前川正博さんはこうして
福祉の国で、国にたよらずに根をおろしました

第142回
身も蓋も見せます

昔ユースホステルに泊まり、部屋に座る場所がなかったので、
二段のベッドの下のベッドに座って話をしていました。
そこへ若いイギリス人がやって来て
「そこは私のベッドです!」と厳しく注意されました。
私が謝まって“彼の”ベッドから立あがると
彼は「サンキュー!」と、こちらに押し付けるような口調で、
そう言いました。
その時は“細かいなあ”と思いましたが、
勿論借りている間は契約で借主に権利があるのだから、
座っている私が悪いのです。
イギリスの青年はその権利の意識が私達よりかなり強いのでした。

私達日本人は、ちょっと借りているだけの賃貸契約では、
そんなに「自分の物」という感じはおこりません。
日本人でも女性は、
自分の寝るベッドに腰掛けられたら嫌かもしれませんね。
デンマーク人は、女性でも男性でも、
その種の細かいことはどうでも良いほうなので、
いいかげんな私には馴染みやすいです。
「座る所が無いならまあいいじゃないか。
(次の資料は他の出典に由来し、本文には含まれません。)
lemma alpha_le_rho_1_1:
  assumes "3 \<le> n" "0 < c"
  shows "alpha n \<le> rho n [1, 1, c]"
proof -
  define p t where "p = (real n - 2) / real n" and "t = (2 / real n) ^ c"
  have "0 < p" "0 < t" "t < 1" using assms by (auto simp: p_def t_def power_less_one_iff)
  then have "p * (1 - t) \<le> p" by (intro mult_left_le) auto
  then have "p \<le> p / (1 - t)" using \<open>t < 1\<close> by (intro mult_imp_le_div_pos) auto
  then show ?thesis using rho_1_1[OF assms] assms(1) by (simp add: alpha_def p_def t_def)
qed

lemma alpha_le_sorted_product:
  assumes n: "2 \<le> n" and "0 < a" "a \<le> b" "2 \<le> b" and binary: "n = 2 \<and> a = 1 \<Longrightarrow> 3 \<le> b"
  shows "alpha n \<le> (1 - 1 / real n ^ a) * (1 - 1 / real n ^ a - 1 / real n ^ b)"
proof -
  define N where "N = real n"
  have "N \<ge> 2" using n by (simp add: N_def)
  define x y where "x = 1 / N ^ a" and "y = 1 / N ^ b"
  have "0 < x" "0 < y" using \<open>N \<ge> 2\<close> by (simp_all add: x_def y_def)
  have y_le: "y \<le> 1 / N ^ k" if "k \<le> b" for k
    using that \<open>N \<ge> 2\<close> unfolding y_def by (intro divide_left_mono power_increasing) auto
  consider "2 \<le> a" | "a = 1" "n = 2" | "a = 1" "3 \<le> n"
    using assms by linarith
  then have "alpha n \<le> (1 - x) * (1 - x - y)"
  proof cases
    case 1
    then have "x \<le> 1 / N ^ 2" "y \<le> x"
      using assms \<open>N \<ge> 2\<close> unfolding x_def y_def by (auto intro!: divide_left_mono power_increasing)
    moreover have "0 \<le> x * (x + y)" using \<open>0 < x\<close> \<open>0 < y\<close> by simp
    moreover have "3 / N ^ 2 = 3 * (1 / N ^ 2)" by simp
    ultimately have "1 - 3 / N ^ 2 \<le> (1 - x) * (1 - x - y)" by (simp add: algebra_simps)
    then show ?thesis using alpha_le_one_minus_3_div_sq[OF n] by (simp add: N_def)
  next
    case 2
    then have x_half: "x = 1 / 2" and "y \<le> 1 / 8" using y_le[of 3] binary by (simp_all add: x_def N_def)
    have "(1 - x) * (1 - x - y) = 1 / 4 - y / 2" unfolding x_half by (simp add: algebra_simps)
    then show ?thesis using \<open>y \<le> 1 / 8\<close> 2 by (simp add: alpha_def)
  next
    case 3
    then have x_inv: "x = 1 / N" and "y \<le> 1 / N ^ 2" and "N \<ge> 3"
      using y_le[of 2] assms by (simp_all add: x_def N_def)
    have "(1 - x) * y \<le> (1 - x) * (1 / N ^ 2)"
      using \<open>y \<le> 1 / N ^ 2\<close> \<open>N \<ge> 3\<close> unfolding x_inv by (intro mult_left_mono) auto
    moreover have "(1 - x) * (1 - x) - (1 - x) * (1 / N ^ 2) = 1 - 2 / N + 1 / N ^ 3"
      using \<open>N \<ge> 3\<close> unfolding x_inv by (simp add: field_simps power2_eq_square power3_eq_cube)
    moreover have "0 < 1 / N ^ 3" using \<open>N \<ge> 3\<close> by simp
    moreover have "(1 - x) * (1 - x - y) = (1 - x) * (1 - x) - (1 - x) * y" by (simp add: algebra_simps)
    moreover have "alpha n = 1 - 2 / N" using \<open>N \<ge> 3\<close> by (simp add: alpha_def N_def diff_divide_distrib)
    ultimately show ?thesis by linarith
  qed
  then show ?thesis by (simp add: x_def y_def N_def)
qed

lemma alpha_le_rho_sorted:
  assumes "2 \<le> n" "0 < a" "a \<le> b" "b \<le> c" and UD: "UD n [a, b, c] \<noteq> {}"
  shows "alpha n \<le> rho n [a, b, c]"
proof -
  consider "a = 1" "b = 1" | "n = 2" "a = 1" "b = 2" | "2 \<le> b" "n = 2 \<and> a = 1 \<Longrightarrow> 3 \<le> b"
    using assms(2,3) by linarith
  then show ?thesis
  proof cases
    case 1
    have "n \<noteq> 2" using UD card_UD_1_1[of c 2] finite_UD_3 assms 1 by auto
    then show ?thesis using alpha_le_rho_1_1[of n c] assms 1 by simp
  next
    case 2
    then show ?thesis using rho_1_2_binary_ge[of c] UD assms by (simp add: alpha_def)
  next
    case 3
    then show ?thesis
      using alpha_le_sorted_product[OF assms(1-3)] rho_sorted_ge_product[OF assms] by fastforce
  qed
qed

lemma
  shows rho_swap_12: "rho n [b, a, c] = rho n [a, b, c]"
    and UD_swap_12_empty_iff: "UD n [b, a, c] = {} \<longleftrightarrow> UD n [a, b, c] = {}"
  using rho_permute_involution[of "[1, 0, 2]" "[a, b, c]" n]
    UD_permute_involution_empty_iff[of "[1, 0, 2]" "[a, b, c]" n]
  by (simp_all add: less_Suc_eq numeral_3_eq_3 nth_Cons')

lemma
  shows rho_swap_23: "rho n [a, c, b] = rho n [a, b, c]"
    and UD_swap_23_empty_iff: "UD n [a, c, b] = {} \<longleftrightarrow> UD n [a, b, c] = {}"
  using rho_permute_involution[of "[0, 2, 1]" "[a, b, c]" n]
    UD_permute_involution_empty_iff[of "[0, 2, 1]" "[a, b, c]" n]
  by (simp_all add: less_Suc_eq numeral_3_eq_3 nth_Cons')

lemma alpha_le_rho:
  assumes "2 \<le> n" "length L = 3" "\<forall>a\<in>set L. 0 < a" "UD n L \<noteq> {}"
  shows "alpha n \<le> rho n L"
proof -
  obtain a b c where L: "L = [a, b, c]"
    using assms(2) by (auto simp: numeral_3_eq_3 length_Suc_conv)
  have "(\<forall>x\<in>set [a, b, c]. 0 < x) \<longrightarrow> UD n [a, b, c] \<noteq> {} \<longrightarrow> alpha n \<le> rho n [a, b, c]"
  proof (rule sorted_triple_wlog)
    fix a b c :: nat assume "a \<le> b" "b \<le> c"
    then show "(\<forall>x\<in>set [a, b, c]. 0 < x) \<longrightarrow> UD n [a, b, c] \<noteq> {} \<longrightarrow> alpha n \<le> rho n [a, b, c]"
      using alpha_le_rho_sorted[OF assms(1)] by simp
  qed (auto simp: rho_swap_12 UD_swap_12_empty_iff rho_swap_23 UD_swap_23_empty_iff)
  then show ?thesis using assms(3,4) L by simp
qed

lemma INF_eq_if_lower_bound_tendsto:
  fixes f :: "'a \<Rightarrow> real"
  assumes lower: "\<And>x. x \<in> S \<Longrightarrow> a \<le> f x"
    and approx: "\<forall>\<^sub>F k in sequentially. X k \<in> S \<and> f (X k) \<le> u k" and "u \<longlonglongrightarrow> a"
  shows "(INF x\<in>S. f x) = a"
proof (rule antisym)
  obtain k where "X k \<in> S" using eventually_happens'[OF _ approx] by auto
  then show "a \<le> (INF x\<in>S. f x)" using lower by (intro cINF_greatest) auto
  have "bdd_below (f ` S)" using lower by (rule bdd_belowI2)
  have "\<forall>\<^sub>F k in sequentially. (INF x\<in>S. f x) \<le> u k"
    using approx by eventually_elim (meson \<open>bdd_below (f ` S)\<close> cINF_lower order_trans)
  with \<open>u \<longlonglongrightarrow> a\<close> show "(INF x\<in>S. f x) \<le> a" by (rule tendsto_lowerbound) simp
qed

lemma UD_1_1_nonempty:
  assumes "3 \<le> n" "0 < c"
  shows "UD n [1, 1, c] \<noteq> {}"
proof -
  have "2 ^ c < n ^ c" using assms by (intro power_strict_mono) auto
  then have "0 < card (UD n [1, 1, c])" using card_UD_1_1[OF assms(2)] assms(1) by simp
  then show ?thesis by auto
qed

lemma rho_1_1_tendsto:
  assumes "3 \<le> n"
  shows "(\<lambda>k. rho n [1, 1, Suc k]) \<longlonglongrightarrow> alpha n"
proof -
  have "(\<lambda>k. (2 / real n) ^ Suc k) \<longlonglongrightarrow> 0"
    using assms by (intro LIMSEQ_Suc[OF LIMSEQ_power_zero]) simp
  then have "(\<lambda>k. (real n - 2) / real n / (1 - (2 / real n) ^ Suc k)) \<longlonglongrightarrow> (real n - 2) / real n / (1 - 0)"
    by (intro tendsto_intros) auto
  then show ?thesis using rho_1_1[OF assms] assms by (simp add: alpha_def)
qed

lemma rho_1_2_binary_approx:
  shows "\<forall>\<^sub>F k in sequentially. UD 2 [1, 2, k] \<noteq> {} \<and> rho 2 [1, 2, k] \<le> 1 / (6 * (1 - 2 * (7 / 8) ^ k))"
    and "(\<lambda>k. 1 / (6 * (1 - 2 * (7 / 8) ^ k))) \<longlonglongrightarrow> alpha 2"
proof -
  have "(\<lambda>k. 2 * (7 / 8 :: real) ^ k) \<longlonglongrightarrow> 0"
    using tendsto_mult_right_zero[OF LIMSEQ_power_zero, of "7 / 8 :: real" 2] by simp
  then have "\<forall>\<^sub>F k in sequentially. 2 * (7 / 8 :: real) ^ k < 1" by (rule order_tendstoD) simp
  then show "\<forall>\<^sub>F k in sequentially. UD 2 [1, 2, k] \<noteq> {} \<and> rho 2 [1, 2, k] \<le> 1 / (6 * (1 - 2 * (7 / 8) ^ k))"
    using eventually_ge_at_top[of 2] by eventually_elim (use rho_1_2_binary_le in blast)
  from \<open>(\<lambda>k. 2 * (7 / 8 :: real) ^ k) \<longlonglongrightarrow> 0\<close>
  have "(\<lambda>k. 1 / (6 * (1 - 2 * (7 / 8) ^ k))) \<longlonglongrightarrow> 1 / (6 * (1 - 0 :: real))"
    by (intro tendsto_intros) auto
  then show "(\<lambda>k. 1 / (6 * (1 - 2 * (7 / 8) ^ k))) \<longlonglongrightarrow> alpha 2" by (simp add: alpha_def)
qed

theorem mainTheorem4:
  fixes n :: nat
  assumes "n \<ge> 2"
  shows "(INF L \<in> {L. length L = 3 \<and> (\<forall>a\<in>set L. 0 < a) \<and> UD n L \<noteq> {}}. rho n L) = alpha n"
proof -
  let ?S = "{L. length L = 3 \<and> (\<forall>a\<in>set L. 0 < a) \<and> UD n L \<noteq> {}}"
  have lower: "alpha n \<le> rho n L" if "L \<in> ?S" for L
    using alpha_le_rho[OF assms] that by blast
  show ?thesis
  proof (cases "n = 2")
    case True
    have "\<forall>\<^sub>F k in sequentially. [1, 2, k] \<in> ?S \<and> rho n [1, 2, k] \<le> 1 / (6 * (1 - 2 * (7 / 8) ^ k))"
      using rho_1_2_binary_approx(1) eventually_ge_at_top[of 1] by eventually_elim (simp add: True)
    from INF_eq_if_lower_bound_tendsto[OF lower this] show ?thesis
      using rho_1_2_binary_approx(2) True by simp
  next
    case False
    then have "\<forall>\<^sub>F k in sequentially. [1, 1, Suc k] \<in> ?S \<and> rho n [1, 1, Suc k] \<le> rho n [1, 1, Suc k]"
      using UD_1_1_nonempty assms by simp
    from INF_eq_if_lower_bound_tendsto[OF lower this] show ?thesis
      using rho_1_1_tendsto False assms by simp
  qed
qed

end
野暮なこというなよ」
とは、口に出しませんが、そういう感じがあります。
色々な国の人が集まる所では、
自分のやり方で通すと色々摩擦がおきますが、
それは仕方ないとして、それをどう考えるかです。
何も考えずに、相手を“おかしな奴だ”と、して済まさずに、
文化の違いを考えれば相手にも親近感が持てます。
そうでなくても、とりあえず
“人の物と自分の物”にこだわる人もいるのですから、
「所有」と「契約」の感覚はできた方が良いです。

身も蓋も無いのも、デンマーク人の特徴で私が気に入っています。
デンマーク人に言わせれば
「身が無いのに蓋で隠して、有る振りをするとはおかしいよ」
「身があるなら蓋で隠さずに、見せるべきだよ」
と、いう感じになります。
隠さずということでは、
自分の病気も、自分の怒りも悲しみも隠しません。
学校の成績も隠さないし、
病気で死にかかった人がテレビに出演して、
近づく自分の死を隠さず語ります。
勿論、顔を隠したりぼかしたり
(久しぶりの日本のテレビで、
重病人の顔にぼかしが入っていてビックリ)
名前を伏せたりしません。
その後で「この録画の1週間後に亡くなりました」などという、
ショッキングなナレーションが入ります。
深刻な場合は、さすがに公には話したくない人も多いのでしょうが。
付け加えると、自慢し過ぎると嫌がられる場合もあるので、
自分だけに良いことは隠すこともあるようです。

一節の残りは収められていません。